In neurons with large dendritic arbors, the postsynaptic potentials interact in a complex manner with active and passive membrane properties, causing not easily predictable transformations during the propagation from synapse to soma. Previous theoretical and experimental studies in both cerebellar Purkinje cells and neocortical pyramidal neurons have shown that voltage‐dependent ion channels change the amplitude and time‐course of postsynaptic potentials. We investigated the mechanisms involved in the propagation of inhibitory postsynaptic potentials (IPSPs) along active dendrites in a model of the Purkinje cell. The amplitude and time‐course of IPSPs recorded at the soma were dependent on the synaptic distance from the soma, as predicted by passive cable theory. We show that the effect of distance on the amplitude and width of the IPSP was significantly reduced by the dendritic ion channels, whereas the rise time was not affected. Somatic IPSPs evoked by the activation of the most distal synapses were up to six times amplified owing to the presence of voltage‐gated channels and the IPSP width became independent of the covered distance. A transient deactivation of the Ca2+ channels and the Ca2+‐dependent K+ channels, triggered by the hyperpolarization following activation of the inhibitory synapse, was found to be responsible for these dynamics. Nevertheless, the position of activated synapses had a marked effect on the Purkinje cell firing pattern, making stellate cells and basket cells most suitable for controlling the firing rate and spike timing, respectively, of their target Purkinje cells.

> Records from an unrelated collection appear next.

lemma lin_map_inv_into:
  assumes P: "lmodule A P" and f: "lin_map A P Q f" and bij: "bij_betw f (carrier P) (carrier Q)"
  shows "lin_map A Q P (inv_into (carrier P) f)"
proof -
  interpret P: lmodule A P by fact
  let ?g = "inv_into (carrier P) f"
  have g: "?g y \<in> carrier P" "f (?g y) = y" if "y \<in> carrier Q" for y
    using bij that by (auto simp: bij_betw_def intro: inv_into_into f_inv_into_f)
  have gf: "?g (f x) = x" if "x \<in> carrier P" for x
    using bij that by (simp add: bij_betw_def inv_into_f_f)
  show ?thesis
    unfolding lin_map_def
  proof (intro conjI ballI funcsetI)
    fix y y' assume y: "y \<in> carrier Q" and y': "y' \<in> carrier Q"
    show "?g y \<in> carrier P" using g y by simp
    have "?g (y \<oplus>\<^bsub>Q\<^esub> y') = ?g (f (?g y) \<oplus>\<^bsub>Q\<^esub> f (?g y'))" using g y y' by simp
    also have "\<dots> = ?g (f (?g y \<oplus>\<^bsub>P\<^esub> ?g y'))" using lin_map_add[OF f] g y y' by simp
    also have "\<dots> = ?g y \<oplus>\<^bsub>P\<^esub> ?g y'" using gf g y y' by simp
    finally show "?g (y \<oplus>\<^bsub>Q\<^esub> y') = ?g y \<oplus>\<^bsub>P\<^esub> ?g y'" .
  next
    fix a y assume a: "a \<in> carrier A" and y: "y \<in> carrier Q"
    have "?g (smult Q a y) = ?g (smult Q a (f (?g y)))" using g y by simp
    also have "\<dots> = ?g (f (smult P a (?g y)))" using lin_map_smult[OF f a] g y by simp
    also have "\<dots> = smult P a (?g y)" using gf g y a P.lsmult_closed by simp
    finally show "?g (smult Q a y) = smult P a (?g y)" .
  qed
qed

lemma in_add_imp_retraction:
  assumes W: "lmodule A W" and P: "lmodule A P" and "in_add A W P"
  obtains n f g where "retraction A P (pow_mod W n) f g"
proof -
  obtain n N N' h where ds: "direct_sum A (pow_mod W n) N N'"
    and h: "lin_map A P ((pow_mod W n)\<lparr>carrier := N\<rparr>) h" and hb: "bij_betw h (carrier P) N"
    using assms(3) unfolding in_add_iff_direct_sum lmod_iso_def by auto
  let ?Y = "pow_mod W n"
  interpret Y: lmodule A ?Y using lmodule_pow_mod[OF W] .
  have NY: "N \<subseteq> carrier ?Y" using ds by (simp add: direct_sum_def submod_def)
  let ?g = "inv_into (carrier P) h \<circ> summand_proj ?Y N N'"
  have "lin_map A P ?Y h" using h NY by (simp add: lin_map_carrier_update_iff)
  moreover have "lin_map A ?Y P ?g"
  proof (rule lin_map_comp)
    show "lin_map A ?Y (?Y\<lparr>carrier := N\<rparr>) (summand_proj ?Y N N')"
      using Y.lin_map_summand_proj[OF ds] Y.summand_proj_decomp[OF ds] NY
      by (simp add: lin_map_carrier_update_iff Pi_iff) metis
    show "lin_map A (?Y\<lparr>carrier := N\<rparr>) P (inv_into (carrier P) h)"
      using lin_map_inv_into[OF P h] hb by simp
  qed
  moreover have "?g (h x) = x" if "x \<in> carrier P" for x
    using hb that Y.summand_proj_id[OF ds] by (auto simp: bij_betw_def inv_into_f_f)
  ultimately show thesis using that[of n h ?g] by (simp add: retraction_def)
qed
text \<open>A continuous logarithm \<open>g\<close> of \<open>f\<close> satisfies \<open>g(a + b) - g a - g b \<in> 2\<pi>i\<int>\<close>, so this
  quantity is constant in \<open>b\<close>; hence \<open>g - g 0\<close> is additive and thus linear.\<close>
lemma continuous_character_real_eq_cis:
  fixes f :: "real \<Rightarrow> complex"
  assumes cont: "continuous_on UNIV f" and unit: "\<And>s. cmod (f s) = 1"
    and mult: "\<And>a b. f (a + b) = f a * f b"
  obtains c where "\<And>s. f s = cis (2 * pi * c * s)"
proof -
  have nz: "f x \<noteq> 0" for x
    using unit[of x] by auto
  obtain g where contg: "continuous_on UNIV g" and fg: "\<And>x. f x = exp (g x)"
    by (rule continuous_logarithm_on_contractible[OF cont convex_imp_contractible[OF convex_UNIV]])
      (use nz in auto)
  have defect_const: "g (a + b) - g a - g b = - g 0" for a b
  proof -
    let ?k = "\<lambda>b. g (a + b) - g a - g b"
    have exp_k: "exp (?k b) = 1" for b
      using mult[of a b] nz[of a] nz[of b] by (simp add: exp_diff fg)
    have "?k constant_on UNIV"
    proof (rule continuous_discrete_range_constant)
      show "continuous_on UNIV ?k"
        by (intro continuous_intros continuous_on_compose2[OF contg] contg) auto
      show "\<exists>e>0. \<forall>y. y \<in> UNIV \<and> ?k y \<noteq> ?k x \<longrightarrow> e \<le> norm (?k y - ?k x)" for x
      proof (intro exI[of _ "2 * pi"] conjI allI impI)
        fix y
        assume "y \<in> UNIV \<and> ?k y \<noteq> ?k x"
        then have "?k y - ?k x \<noteq> 0"
          by (simp only: right_minus_eq) simp
        moreover have "exp (?k y - ?k x) = 1"
          unfolding exp_diff[of "?k y" "?k x"] exp_k by simp
        ultimately show "2 * pi \<le> norm (?k y - ?k x)"
          by (metis exp_eq_1_imp_norm_ge)
      qed simp
    qed simp
    then obtain c where c: "\<And>b. ?k b = c"
      by (auto simp: constant_on_def)
    have "?k 0 = - g 0"
      by simp
    then show ?thesis
      using c by metis
  qed
  define h where "h x = g x - g 0" for x
  have "continuous_on UNIV h"
    unfolding h_def by (intro continuous_intros contg)
  moreover have "h (a + b) = h a + h b" for a b
    using defect_const[of a b] by (simp add: h_def algebra_simps)
  ultimately have h_lin: "h s = of_real s * h 1" for s
    using continuous_additive_real_eq_scaleR by (metis scaleR_conv_of_real)
  have "exp (g 0) = 1"
    using fg[of 0] mult[of 0 0] nz[of 0] by simp
  then have "f s = exp (h s)" for s
    by (simp add: fg h_def exp_diff)
  then have fh: "f s = exp (of_real s * h 1)" for s
    by (simp only: h_lin[of s])
  have "Re (h 1) = 0"
    using fh[of 1] unit[of 1] by simp
  define r where "r = Im (h 1)"
  have "h 1 = \<i> * of_real r"
    using \<open>Re (h 1) = 0\<close> by (simp add: complex_eq_iff r_def)
  then have "f s = exp (\<i> * of_real (r * s))" for s
    using fh[of s] by (simp add: mult_ac)
  then have "f s = cis (2 * pi * (r / (2 * pi)) * s)" for s
    by (simp add: cis_conv_exp)
  then show ?thesis
    using that by blast
qed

Peripheral stimuli excite coronal beams of Golgi cells in rat cerebellar cortex

Cerebellar granule cells constitute the largest neurone population of the brain. Their axons run as parallel fibres along the coronal axis, and the one-dimensional spread of excitation that is expected to result from this arrangement is a key assumption of theories of cerebellar function. In many studies using various techniques, however, it was not possible to evoke such a beam-like propagation of excitation with natural stimuli. We recorded, in Crus I and II of anaesthetised rats, pairs of Golgi cells aligned along the parallel fibre axis and synchronising spontaneously. Each pair was subjected to two stimulation protocols: punctate and semi-continuous. Local punctate facial stimulation evoked distinct fast and late responses of variable strength and latency (fast: 4.0-10.2 ms; late: 13.6-22.7 ms). Semi-continuous stimulation with a brush increased the firing rate, and modified the precision and phase of synchronisation. Differences between a pair in response strength and phase to brush stimulation correlated strongly with the difference in latency to punctate stimulation. These observations were reproduced in a model of the granular layer. The stimulus activated a central patch of mossy fibres, and Golgi cells received short- and long-range excitation from mossy and parallel fibres, respectively. The strength and latency of the punctate response of a model Golgi cell were found to vary with its position, reflecting a systematic change in the contribution of mossy and parallel fibres to its excitation with distance from the activated patch. During brush stimulation, model Golgi cells inside the patch fired more precisely synchronised, whereas the other Golgi cells responded with a lag proportional to their distance from the patch, thereby reproducing the experimentally observed changes in synchronisation. Taken together with the previously reported large receptive fields of Golgi cells and with their spontaneous synchronisation, the variable, position-dependent latency of evoked Golgi cell responses indicates a beam-like spread of excitation along the parallel fibres in rat cerebellar cortex.